The separation of useful raw materials from household waste is significant for the environment. Until 2017, this issue in Croatia was not fully regulated, so a regulation on municipal waste management was adopted, which applies to every Croatian household. According to Radović, Croatia must meet the goal of reducing waste disposal at landfills, which is why the decree brought about a change in the collection method – the more mixed municipal waste is thrown away, the more that will be paid.

“We have to forget everything that was thrown in the landfill for years – we have to increase waste separation and recycling and reduce waste disposal,” she notes.

Citizens, she continues, need to know what is going on with their waste and why they are expected to separate it.

“It depends on the type of waste – in Croatia, we have companies that process and recycle paper, cardboard, glass, and plastic.
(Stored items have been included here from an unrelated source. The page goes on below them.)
(* Let $m,n$ be integers with $0\le m\le n$. If $H\le G_n$ and $H$ has derived length $m$, then $H$ is isomorphic to a subgroup of $G_m$.
   Context: For a group $A$, $A\wr\mathbf{Z}=(\bigoplus_{i\in\mathbf{Z}}A)\rtimes\mathbf{Z}$ is the restricted wreath product with $\mathbf{Z}$ acting by index shift. $G_0$ is the trivial group and $G_n=\bigoplus_{i\in\mathbf{Z}}(G_{n-1}\wr\mathbf{Z})$ for $n\ge1$. *)

theory Defs
  imports "HOL-Algebra.Algebra"
begin

text \<open>A universal type hosting the elements of all groups G_n.
  Leaf represents the unique element of G_0; an element of
  G_(n+1) = direct sum over Z of (G_n wr Z) is Node F, where F i = (f, k) is the i-th
  coordinate, an element of G_n wr Z = (direct sum over Z of G_n) semidirect Z,
  f being the (finitely supported) base function and k the Z-component.\<close>

datatype W = Leaf | Node "int \<Rightarrow> (int \<Rightarrow> W) \<times> int"

fun kids :: "W \<Rightarrow> int \<Rightarrow> (int \<Rightarrow> W) \<times> int" where
  "kids Leaf = (\<lambda>_. (\<lambda>_. Leaf, 0))"
| "kids (Node F) = F"

primrec G_one :: "nat \<Rightarrow> W" where
  "G_one 0 = Leaf"
| "G_one (Suc n) = Node (\<lambda>i. (\<lambda>j. G_one n, 0))"

primrec G_carrier :: "nat \<Rightarrow> W set" where
  "G_carrier 0 = {Leaf}"
| "G_carrier (Suc n) =
     {Node F | F.
        finite {i. F i \<noteq> (\<lambda>j. G_one n, 0)} \<and>
        (\<forall>i. (\<forall>j. fst (F i) j \<in> G_carrier n) \<and>
             finite {j. fst (F i) j \<noteq> G_one n})}"

text \<open>Multiplication in A wr Z: (f,k)(g,l) = (f \<cdot> (k\<cdot>g), k+l), where
  (k\<cdot>g)(j) = g(j - k) is the index shift; direct sums are multiplied coordinatewise.\<close>
primrec G_mult :: "nat \<Rightarrow> W \<Rightarrow> W \<Rightarrow> W" where
  "G_mult 0 x y = Leaf"
| "G_mult (Suc n) x y =
     Node (\<lambda>i. (\<lambda>j. G_mult n (fst (kids x i) j) (fst (kids y i) (j - snd (kids x i))),
                 snd (kids x i) + snd (kids y i)))"

definition G :: "nat \<Rightarrow> W monoid" where
  "G n = \<lparr>carrier = G_carrier n, monoid.mult = G_mult n, one = G_one n\<rparr>"

definition has_derived_length :: "('a, 'b) monoid_scheme \<Rightarrow> 'a set \<Rightarrow> nat \<Rightarrow> bool" where
  "has_derived_length K H m \<longleftrightarrow>
     (derived K ^^ m) H = {\<one>\<^bsub>K\<^esub>} \<and> (\<forall>k<m. (derived K ^^ k) H \<noteq> {\<one>\<^bsub>K\<^esub>})"

end

theory Submission
  imports Defs "HOL-Library.Countable"
begin

text \<open>By induction on \<open>n\<close>, every \<open>H \<le> G n\<close> whose \<open>m\<close>-th derived subgroup is trivial
  embeds in \<open>G m\<close>, for every \<open>m\<close>. For \<open>m = k + 1\<close>, \<open>G m\<close> is the
  restricted direct sum of countably many copies of \<open>G k \<wrong> \<int>\<close>, hence contains a restricted
  direct sum of countably many copies of itself. As \<open>H \<le> G (n + 1)\<close> embeds in the direct
  sum of its projections \<open>Q\<^sub>i \<le> G n \<wrong> \<int>\<close>, it suffices to embed each \<open>Q\<^sub>i\<close> in \<open>G m\<close>.
  If \<open>Q\<^sub>i\<close> lies in the base group, it embeds in the direct sum of its coordinate
  projections, subgroups of \<open>G n\<close> to which induction applies. Otherwise \<open>Q\<^sub>i\<close> maps onto
  \<open>d\<int> \<subseteq> \<int>\<close> with \<open>d > 0\<close>, and the Kaloujnine-Krasner embedding sends \<open>Q\<^sub>i\<close> into \<open>d\<close>
  copies of \<open>P\<^sub>r \<wrong> \<int>\<close>, where the \<open>P\<^sub>r\<close> are the coordinate projections of the base part
  \<open>N\<close> of \<open>Q\<^sub>i\<close>. Every coordinate of an element of \<open>N\<close> is also a coordinate of a
  commutator of \<open>Q\<^sub>i\<close>, so the \<open>k\<close>-th derived subgroup of \<open>P\<^sub>r\<close> is trivial and \<open>P\<^sub>r\<close>
  embeds in \<open>G k\<close> by induction.\<close>

section \<open>Wreath products with \<open>\<int>\<close>\<close>

definition wreath_int :: "('a, 'b) monoid_scheme \<Rightarrow> ((int \<Rightarrow> 'a) \<times> int) monoid" where
  "wreath_int A =
     \<lparr>carrier = {x. (\<forall>j. fst x j \<in> carrier A) \<and> finite {j. fst x j \<noteq> \<one>\<^bsub>A\<^esub>}},
      monoid.mult = (\<lambda>x y. (\<lambda>j. fst x j \<otimes>\<^bsub>A\<^esub> fst y (j - snd x), snd x + snd y)),
      one = (\<lambda>j. \<one>\<^bsub>A\<^esub>, 0)\<rparr>"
With plastic, it’s a little more complicated because it depends on the type of plastic. Each type of waste has its own processor, and utility companies must hand over waste to them separated by type,” she says.

Each local government has its own way of separating waste – it can be bins or larger containers.

“How which municipality and city will organize it is their business. What must be separated is paper in one bin, biowaste in another, mixed waste in a separate one, and other packaging in another,” Radović explains, adding that each municipality and city must hire municipal wardens in charge of waste control.

The president of the ‘Nature for All’ association, Ana Rosandić, says that it is useful to know that the remains of raw food are separated into biowaste. At the same time, thermally treated waste is thrown into mixed waste. Caps are a different type of plastic from liter bottles and the ‘safest’ form of plastic and can be recycled to, for example, make children’s toys. Disposable masks should go to infectious waste, but since this is not available to citizens at their doorstep, they can be separated into mixed waste.

When it comes to plastic bags, Radović says that we distinguish between lightweight and very lightweight.

“You can get lightweight carrying bags in the store or buy them at the checkout, and very lightweight ones are for vegetables and fruits, which are torn from the roll. Croatia has been charging for lightweight plastic bags for several years to reduce consumption. What the new law on waste management, which is still in the process, brings this year, is a complete ban on lightweight plastic bags – it will no longer be possible to buy them,” says Sanja and notes that the new measure was adopted because the waste reduction goals have not been achieved. Instead of plastic bags, it is recommended to use your own canvas bags.